Using it's concept, it is found that there is a 0.64 = 64% probability that the sum of two randomly chosen numbers from the set {0, 1, 2, 3, 4, 5, 6, 7, 8, 9} is no greater than 10.

A probability is the number of desired outcomes divided by the number of total outcomes.

In this problem:

  • Two numbers that can be repeated chosen from a set of 10 numbers, thus, in total, there are [tex]10^2 = 100[/tex] outcomes.

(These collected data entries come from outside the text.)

lemma lin_ext_cweight_diff_le_eucl:
  assumes fin: "finite W" and slopes: "\<And>D. D \<subseteq> W \<Longrightarrow> g (del P D) = g P - (\<Sum>w\<in>D. d w)"
    and unit: "(\<Sum>w\<in>W. (d w)\<^sup>2) \<le> 1"
  shows "lin_ext g (cweight (P, W) s) - lin_ext g (cweight (P, W) t) \<le> eucl W t s"
proof -
  have "lin_ext g (cweight (P, W) s) - lin_ext g (cweight (P, W) t) = (\<Sum>w\<in>W. d w * (s w - t w))"
    by (simp add: lin_ext_cweight_affine[OF fin slopes] sum_subtractf[symmetric] algebra_simps)
  also have "\<dots> \<le> (\<Sum>w\<in>W. \<bar>d w\<bar> * \<bar>t w - s w\<bar>)"
    by (intro sum_mono) (auto simp: abs_mult[symmetric] abs_minus_commute)
  also have "\<dots> \<le> L2_set d W * L2_set (\<lambda>w. t w - s w) W"
    by (rule L2_set_mult_ineq)
  also have "\<dots> \<le> L2_set (\<lambda>w. t w - s w) W"
    using unit by (intro mult_left_le_one_le L2_set_nonneg) (simp add: L2_set_def)
  also have "\<dots> = eucl W t s"
    by (simp add: eucl_def L2_set_def)
  finally show ?thesis .
qed

definition cubewise_affine_1_lip :: "cube set \<Rightarrow> (picture \<Rightarrow> real) \<Rightarrow> bool" where
  "cubewise_affine_1_lip Cs g \<longleftrightarrow> (\<forall>(P, W)\<in>Cs. finite W \<and>
     (\<exists>d. (\<Sum>w\<in>W. (d w)\<^sup>2) \<le> 1 \<and> (\<forall>D\<subseteq>W. g (del P D) = g P - (\<Sum>w\<in>D. d w))))"

definition joined_by :: "cube set \<Rightarrow> (picture \<Rightarrow> real) \<Rightarrow> (picture \<Rightarrow> real) \<Rightarrow> real \<Rightarrow> bool" where
  "joined_by Cs x y L \<longleftrightarrow> (\<exists>k C t s p. p 0 = x \<and> p k = y \<and>
      (\<forall>i<k. C i \<in> Cs \<and> t i \<in> box (snd (C i)) \<and> s i \<in> box (snd (C i)) \<and>
              p i = cweight (C i) (t i) \<and> p (Suc i) = cweight (C i) (s i)) \<and>
      L = (\<Sum>i<k. eucl (snd (C i)) (t i) (s i)))"

lemma cmetric_eq_Inf_joined_by: "cmetric Cs x y = Inf {L. joined_by Cs x y L}"
  unfolding cmetric_def joined_by_def by (rule arg_cong[where f = Inf]) blast

lemma joined_by_nonneg: "joined_by Cs x y L \<Longrightarrow> 0 \<le> L"
  unfolding joined_by_def eucl_def by (auto intro!: sum_nonneg)

lemma joined_by_mono: "Cs \<subseteq> Cs' \<Longrightarrow> joined_by Cs x y L \<Longrightarrow> joined_by Cs' x y L"
  unfolding joined_by_def by blast

lemma joined_by_cube:
  assumes "C \<in> Cs" "t \<in> box (snd C)" "s \<in> box (snd C)"
  shows "joined_by Cs (cweight C t) (cweight C s) (eucl (snd C) t s)"
  unfolding joined_by_def
  by (rule exI[of _ 1], rule exI[of _ "\<lambda>_. C"], rule exI[of _ "\<lambda>_. t"], rule exI[of _ "\<lambda>_. s"],
      rule exI[of _ "\<lambda>i. if i = 0 then cweight C t else cweight C s"]) (use assms in auto)

lemma joined_by_trans:
  assumes "joined_by Cs x y L1" "joined_by Cs y z L2"
  shows "joined_by Cs x z (L1 + L2)"
proof -
  obtain k1 C1 t1 s1 p1 where A: "p1 0 = x" "p1 k1 = y"
    "\<forall>i<k1. C1 i \<in> Cs \<and> t1 i \<in> box (snd (C1 i)) \<and> s1 i \<in> box (snd (C1 i)) \<and>
              p1 i = cweight (C1 i) (t1 i) \<and> p1 (Suc i) = cweight (C1 i) (s1 i)"
    "L1 = (\<Sum>i<k1. eucl (snd (C1 i)) (t1 i) (s1 i))"
    using assms(1) unfolding joined_by_def by blast
  obtain k2 C2 t2 s2 p2 where B: "p2 0 = y" "p2 k2 = z"
    "\<forall>i<k2. C2 i \<in> Cs \<and> t2 i \<in> box (snd (C2 i)) \<and> s2 i \<in> box (snd (C2 i)) \<and>
              p2 i = cweight (C2 i) (t2 i) \<and> p2 (Suc i) = cweight (C2 i) (s2 i)"
    "L2 = (\<Sum>i<k2. eucl (snd (C2 i)) (t2 i) (s2 i))"
    using assms(2) unfolding joined_by_def by blast
  define C where "C i = (if i < k1 then C1 i else C2 (i - k1))" for i
  define t where "t i = (if i < k1 then t1 i else t2 (i - k1))" for i
  define s where "s i = (if i < k1 then s1 i else s2 (i - k1))" for i
  define p where "p i = (if i \<le> k1 then p1 i else p2 (i - k1))" for i
  have "C i \<in> Cs \<and> t i \<in> box (snd (C i)) \<and> s i \<in> box (snd (C i)) \<and>
      p i = cweight (C i) (t i) \<and> p (Suc i) = cweight (C i) (s i)" if "i < k1 + k2" for i
  proof (cases "i < k1")
    case True
    then show ?thesis using A(3) unfolding C_def t_def s_def p_def by auto
  next
    case False
    then have "i - k1 < k2" "Suc i - k1 = Suc (i - k1)" "p i = p2 (i - k1)"
      using that A(2) B(1) by (auto simp: p_def)
    then show ?thesis using B(3) False unfolding C_def t_def s_def p_def by auto
  qed
  moreover have "p 0 = x" "p (k1 + k2) = z" using A B by (auto simp: p_def)
  moreover have "(\<Sum>i<k1 + n. eucl (snd (C i)) (t i) (s i))
      = L1 + (\<Sum>i<n. eucl (snd (C2 i)) (t2 i) (s2 i))" for n
    by (induction n) (auto simp: A(4) C_def t_def s_def)
  then have "L1 + L2 = (\<Sum>i<k1 + k2. eucl (snd (C i)) (t i) (s i))" using B(4) by simp
  ultimately show ?thesis unfolding joined_by_def by blast
qed

lemma lin_ext_diff_le_joined_by:
  assumes g: "cubewise_affine_1_lip Cs g" and "joined_by Cs x y L"
  shows "lin_ext g y - lin_ext g x \<le> L"
proof -
  obtain k C t s p where ends: "p 0 = x" "p k = y" and strings:
    "\<forall>i<k. C i \<in> Cs \<and> t i \<in> box (snd (C i)) \<and> s i \<in> box (snd (C i)) \<and>
              p i = cweight (C i) (t i) \<and> p (Suc i) = cweight (C i) (s i)"
    and L: "L = (\<Sum>i<k. eucl (snd (C i)) (t i) (s i))"
    using assms(2) unfolding joined_by_def by blast
  have "lin_ext g y - lin_ext g x = (\<Sum>i<k. lin_ext g (p (Suc i)) - lin_ext g (p i))"
    using ends sum_lessThan_telescope[of "\<lambda>i. lin_ext g (p i)" k] by simp
  also have "\<dots> \<le> L" unfolding L
  proof (rule sum_mono)
    fix i assume "i \<in> {..<k}"
    moreover obtain P W where C: "C i = (P, W)" by fastforce
    moreover obtain d where "finite W" "(\<Sum>w\<in>W. (d w)\<^sup>2) \<le> 1"
      "\<And>D. D \<subseteq> W \<Longrightarrow> g (del P D) = g P - (\<Sum>w\<in>D. d w)"
      using g strings \<open>i \<in> {..<k}\<close> C unfolding cubewise_affine_1_lip_def by fastforce
    ultimately show "lin_ext g (p (Suc i)) - lin_ext g (p i) \<le> eucl (snd (C i)) (t i) (s i)"
      using strings lin_ext_cweight_diff_le_eucl by simp
  qed
  finally show ?thesis .
qed

lemma cmetric_le_joined_by: "joined_by Cs x y L \<Longrightarrow> cmetric Cs x y \<le> L"
  unfolding cmetric_eq_Inf_joined_by
  by (intro cInf_lower bdd_belowI[of _ 0]) (auto dest: joined_by_nonneg)

lemma lin_ext_diff_le_cmetric:
  "cubewise_affine_1_lip Cs g \<Longrightarrow> joined_by Cs x y L \<Longrightarrow> lin_ext g y - lin_ext g x \<le> cmetric Cs x y"
  unfolding cmetric_eq_Inf_joined_by by (intro cInf_greatest) (auto intro: lin_ext_diff_le_joined_by)

lemma cmetric_eq_if_calibrated:
  assumes sub: "Cs \<subseteq> Cs'" and string: "joined_by Cs x y L"
    and g: "cubewise_affine_1_lip Cs' g" and calibrated: "L \<le> lin_ext g y - lin_ext g x"
  shows "cmetric Cs' x y = cmetric Cs x y"
proof -
  have "cmetric Cs x y \<le> L"
    using string by (rule cmetric_le_joined_by)
  also have "L \<le> cmetric Cs' x y"
    using lin_ext_diff_le_cmetric[OF g joined_by_mono[OF sub string]] calibrated by linarith
  finally have "cmetric Cs x y \<le> cmetric Cs' x y" .
  moreover have "cmetric Cs' x y \<le> cmetric Cs x y"
    unfolding cmetric_eq_Inf_joined_by using sub string
    by (intro cInf_superset_mono bdd_belowI[of _ 0]) (auto intro: joined_by_mono dest: joined_by_nonneg)
  ultimately show ?thesis by linarith
qed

For a sum no greater than 10, we have that:

  • 0 can be added with all the 10 numbers, as can 1.
  • 2 can be added with 9 of them, bar 9.
  • 3 can be added with 8 of them.
  • 4 can be added with 7 of them.
  • 5 can be added with 6 of them.
  • 6 can be added with 5 numbers, 7 with 4, 8 with 3, and 9 with 2.

Hence, the number of desired outcomes is:

[tex]D = 10(2) + 9 + 8 + 7 + 6 + 5 + 4 + 3 + 2 = 64[/tex]

The probability is:

[tex]p = \frac{D}{T} = \frac{64}{100} = 0.64[/tex]

0.64 = 64% probability that the sum of two randomly chosen numbers from the set {0, 1, 2, 3, 4, 5, 6, 7, 8, 9} is no greater than 10.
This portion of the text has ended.